BEGIN Recorded information

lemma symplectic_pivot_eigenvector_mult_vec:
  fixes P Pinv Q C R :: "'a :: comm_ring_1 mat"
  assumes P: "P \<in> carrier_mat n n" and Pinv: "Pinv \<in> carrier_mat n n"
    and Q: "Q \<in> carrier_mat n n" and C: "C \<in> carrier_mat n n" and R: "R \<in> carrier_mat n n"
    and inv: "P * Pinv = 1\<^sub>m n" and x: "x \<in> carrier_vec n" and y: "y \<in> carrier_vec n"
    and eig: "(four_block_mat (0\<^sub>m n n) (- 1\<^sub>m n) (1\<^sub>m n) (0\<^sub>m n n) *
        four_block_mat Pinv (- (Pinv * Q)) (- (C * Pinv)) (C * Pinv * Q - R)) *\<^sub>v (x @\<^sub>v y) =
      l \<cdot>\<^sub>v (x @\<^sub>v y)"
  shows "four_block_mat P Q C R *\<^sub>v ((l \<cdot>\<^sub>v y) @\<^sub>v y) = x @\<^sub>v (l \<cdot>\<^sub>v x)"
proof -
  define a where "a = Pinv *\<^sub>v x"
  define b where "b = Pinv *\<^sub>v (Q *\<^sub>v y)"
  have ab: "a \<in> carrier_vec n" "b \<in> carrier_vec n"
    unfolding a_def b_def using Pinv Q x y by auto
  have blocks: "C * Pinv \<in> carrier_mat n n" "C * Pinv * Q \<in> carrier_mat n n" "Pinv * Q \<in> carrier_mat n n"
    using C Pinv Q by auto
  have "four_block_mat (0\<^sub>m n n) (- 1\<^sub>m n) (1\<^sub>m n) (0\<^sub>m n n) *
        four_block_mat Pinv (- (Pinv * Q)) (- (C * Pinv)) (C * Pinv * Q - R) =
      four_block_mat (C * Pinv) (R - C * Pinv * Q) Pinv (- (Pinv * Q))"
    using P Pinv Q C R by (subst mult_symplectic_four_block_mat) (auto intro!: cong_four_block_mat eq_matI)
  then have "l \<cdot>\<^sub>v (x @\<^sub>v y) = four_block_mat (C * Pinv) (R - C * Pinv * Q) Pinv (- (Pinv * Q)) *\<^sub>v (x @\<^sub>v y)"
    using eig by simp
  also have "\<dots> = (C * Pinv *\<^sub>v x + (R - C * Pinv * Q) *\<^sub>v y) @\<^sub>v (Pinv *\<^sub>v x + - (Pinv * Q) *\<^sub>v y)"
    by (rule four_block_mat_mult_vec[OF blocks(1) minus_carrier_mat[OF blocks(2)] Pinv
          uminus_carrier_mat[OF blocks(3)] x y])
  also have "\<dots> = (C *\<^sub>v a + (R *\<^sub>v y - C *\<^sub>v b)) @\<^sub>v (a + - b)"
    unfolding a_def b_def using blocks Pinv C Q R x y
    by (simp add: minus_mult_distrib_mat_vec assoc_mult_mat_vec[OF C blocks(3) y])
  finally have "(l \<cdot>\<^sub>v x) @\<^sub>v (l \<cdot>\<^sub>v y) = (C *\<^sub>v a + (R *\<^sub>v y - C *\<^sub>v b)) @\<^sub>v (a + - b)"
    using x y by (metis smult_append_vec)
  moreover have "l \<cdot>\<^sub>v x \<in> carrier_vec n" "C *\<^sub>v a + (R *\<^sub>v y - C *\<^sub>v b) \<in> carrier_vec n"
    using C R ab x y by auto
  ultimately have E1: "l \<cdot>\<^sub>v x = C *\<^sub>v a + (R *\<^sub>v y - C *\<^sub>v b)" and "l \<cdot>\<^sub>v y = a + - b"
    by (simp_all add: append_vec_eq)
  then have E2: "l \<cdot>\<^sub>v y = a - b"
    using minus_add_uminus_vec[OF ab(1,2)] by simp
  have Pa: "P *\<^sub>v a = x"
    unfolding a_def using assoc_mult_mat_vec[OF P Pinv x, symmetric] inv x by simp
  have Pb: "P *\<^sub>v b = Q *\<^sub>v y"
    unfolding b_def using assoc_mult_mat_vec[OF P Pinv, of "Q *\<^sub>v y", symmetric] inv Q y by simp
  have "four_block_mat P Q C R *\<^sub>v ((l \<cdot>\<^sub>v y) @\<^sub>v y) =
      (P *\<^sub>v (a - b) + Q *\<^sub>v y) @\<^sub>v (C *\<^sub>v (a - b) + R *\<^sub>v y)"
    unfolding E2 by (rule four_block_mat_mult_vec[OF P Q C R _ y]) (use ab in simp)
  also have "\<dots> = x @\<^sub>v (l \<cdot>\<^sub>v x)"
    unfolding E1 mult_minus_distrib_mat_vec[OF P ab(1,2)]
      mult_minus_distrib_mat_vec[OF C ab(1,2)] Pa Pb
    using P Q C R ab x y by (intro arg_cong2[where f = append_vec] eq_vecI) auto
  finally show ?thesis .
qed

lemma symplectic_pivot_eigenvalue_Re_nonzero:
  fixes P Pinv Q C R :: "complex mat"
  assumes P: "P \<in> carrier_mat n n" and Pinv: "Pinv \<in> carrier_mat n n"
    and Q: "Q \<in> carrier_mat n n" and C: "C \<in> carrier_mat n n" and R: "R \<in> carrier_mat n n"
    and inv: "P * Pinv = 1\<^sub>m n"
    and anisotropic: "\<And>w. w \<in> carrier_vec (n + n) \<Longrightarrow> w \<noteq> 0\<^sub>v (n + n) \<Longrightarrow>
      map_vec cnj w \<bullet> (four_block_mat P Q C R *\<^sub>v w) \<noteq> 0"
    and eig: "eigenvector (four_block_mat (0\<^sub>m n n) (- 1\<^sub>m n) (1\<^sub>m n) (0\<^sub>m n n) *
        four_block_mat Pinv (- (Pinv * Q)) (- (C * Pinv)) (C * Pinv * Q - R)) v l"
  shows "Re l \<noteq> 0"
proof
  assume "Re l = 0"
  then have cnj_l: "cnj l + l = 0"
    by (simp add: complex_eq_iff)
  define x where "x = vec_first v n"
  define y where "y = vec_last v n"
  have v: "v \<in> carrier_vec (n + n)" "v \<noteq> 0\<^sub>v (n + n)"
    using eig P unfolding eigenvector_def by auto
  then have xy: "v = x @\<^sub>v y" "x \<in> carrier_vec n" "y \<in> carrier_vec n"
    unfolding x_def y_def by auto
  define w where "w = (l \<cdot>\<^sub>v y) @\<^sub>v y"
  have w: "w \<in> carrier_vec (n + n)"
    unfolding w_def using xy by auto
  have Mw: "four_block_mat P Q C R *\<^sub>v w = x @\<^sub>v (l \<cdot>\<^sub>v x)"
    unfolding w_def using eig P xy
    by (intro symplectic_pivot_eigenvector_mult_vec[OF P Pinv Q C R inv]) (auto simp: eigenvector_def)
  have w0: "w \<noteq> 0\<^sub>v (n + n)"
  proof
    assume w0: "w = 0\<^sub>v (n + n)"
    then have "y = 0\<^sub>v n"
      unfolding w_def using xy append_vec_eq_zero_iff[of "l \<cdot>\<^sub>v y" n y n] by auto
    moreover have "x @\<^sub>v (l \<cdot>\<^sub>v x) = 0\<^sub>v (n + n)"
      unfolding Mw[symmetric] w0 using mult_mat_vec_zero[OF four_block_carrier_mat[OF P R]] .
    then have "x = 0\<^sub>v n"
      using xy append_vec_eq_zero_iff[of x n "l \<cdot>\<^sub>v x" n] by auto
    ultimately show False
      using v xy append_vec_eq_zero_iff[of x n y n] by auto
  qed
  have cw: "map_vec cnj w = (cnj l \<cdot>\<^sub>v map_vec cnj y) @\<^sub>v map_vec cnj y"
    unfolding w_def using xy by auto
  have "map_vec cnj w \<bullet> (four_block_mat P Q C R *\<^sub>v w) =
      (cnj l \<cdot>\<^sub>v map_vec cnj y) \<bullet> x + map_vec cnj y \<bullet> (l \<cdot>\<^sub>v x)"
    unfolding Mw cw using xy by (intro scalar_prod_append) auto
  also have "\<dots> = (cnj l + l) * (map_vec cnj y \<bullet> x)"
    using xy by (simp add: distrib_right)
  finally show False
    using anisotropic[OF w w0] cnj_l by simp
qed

END Recorded information

Task objective :: Repeat exactly the lines of the listing above, from the one with "by (simp_all add: append_vec_eq)" down to the one with "0\<^sub>v (n + n) \<Longrightarrow>"; both of those lines belong in the range.

Solution to the problem ::
    by (simp_all add: append_vec_eq)
  then have E2: "l \<cdot>\<^sub>v y = a - b"
    using minus_add_uminus_vec[OF ab(1,2)] by simp
  have Pa: "P *\<^sub>v a = x"
    unfolding a_def using assoc_mult_mat_vec[OF P Pinv x, symmetric] inv x by simp
  have Pb: "P *\<^sub>v b = Q *\<^sub>v y"
    unfolding b_def using assoc_mult_mat_vec[OF P Pinv, of "Q *\<^sub>v y", symmetric] inv Q y by simp
  have "four_block_mat P Q C R *\<^sub>v ((l \<cdot>\<^sub>v y) @\<^sub>v y) =
      (P *\<^sub>v (a - b) + Q *\<^sub>v y) @\<^sub>v (C *\<^sub>v (a - b) + R *\<^sub>v y)"
    unfolding E2 by (rule four_block_mat_mult_vec[OF P Q C R _ y]) (use ab in simp)
  also have "\<dots> = x @\<^sub>v (l \<cdot>\<^sub>v x)"
    unfolding E1 mult_minus_distrib_mat_vec[OF P ab(1,2)]
      mult_minus_distrib_mat_vec[OF C ab(1,2)] Pa Pb
    using P Q C R ab x y by (intro arg_cong2[where f = append_vec] eq_vecI) auto
  finally show ?thesis .
qed

lemma symplectic_pivot_eigenvalue_Re_nonzero:
  fixes P Pinv Q C R :: "complex mat"
  assumes P: "P \<in> carrier_mat n n" and Pinv: "Pinv \<in> carrier_mat n n"
    and Q: "Q \<in> carrier_mat n n" and C: "C \<in> carrier_mat n n" and R: "R \<in> carrier_mat n n"
    and inv: "P * Pinv = 1\<^sub>m n"
    and anisotropic: "\<And>w. w \<in> carrier_vec (n + n) \<Longrightarrow> w \<noteq> 0\<^sub>v (n + n) \<Longrightarrow>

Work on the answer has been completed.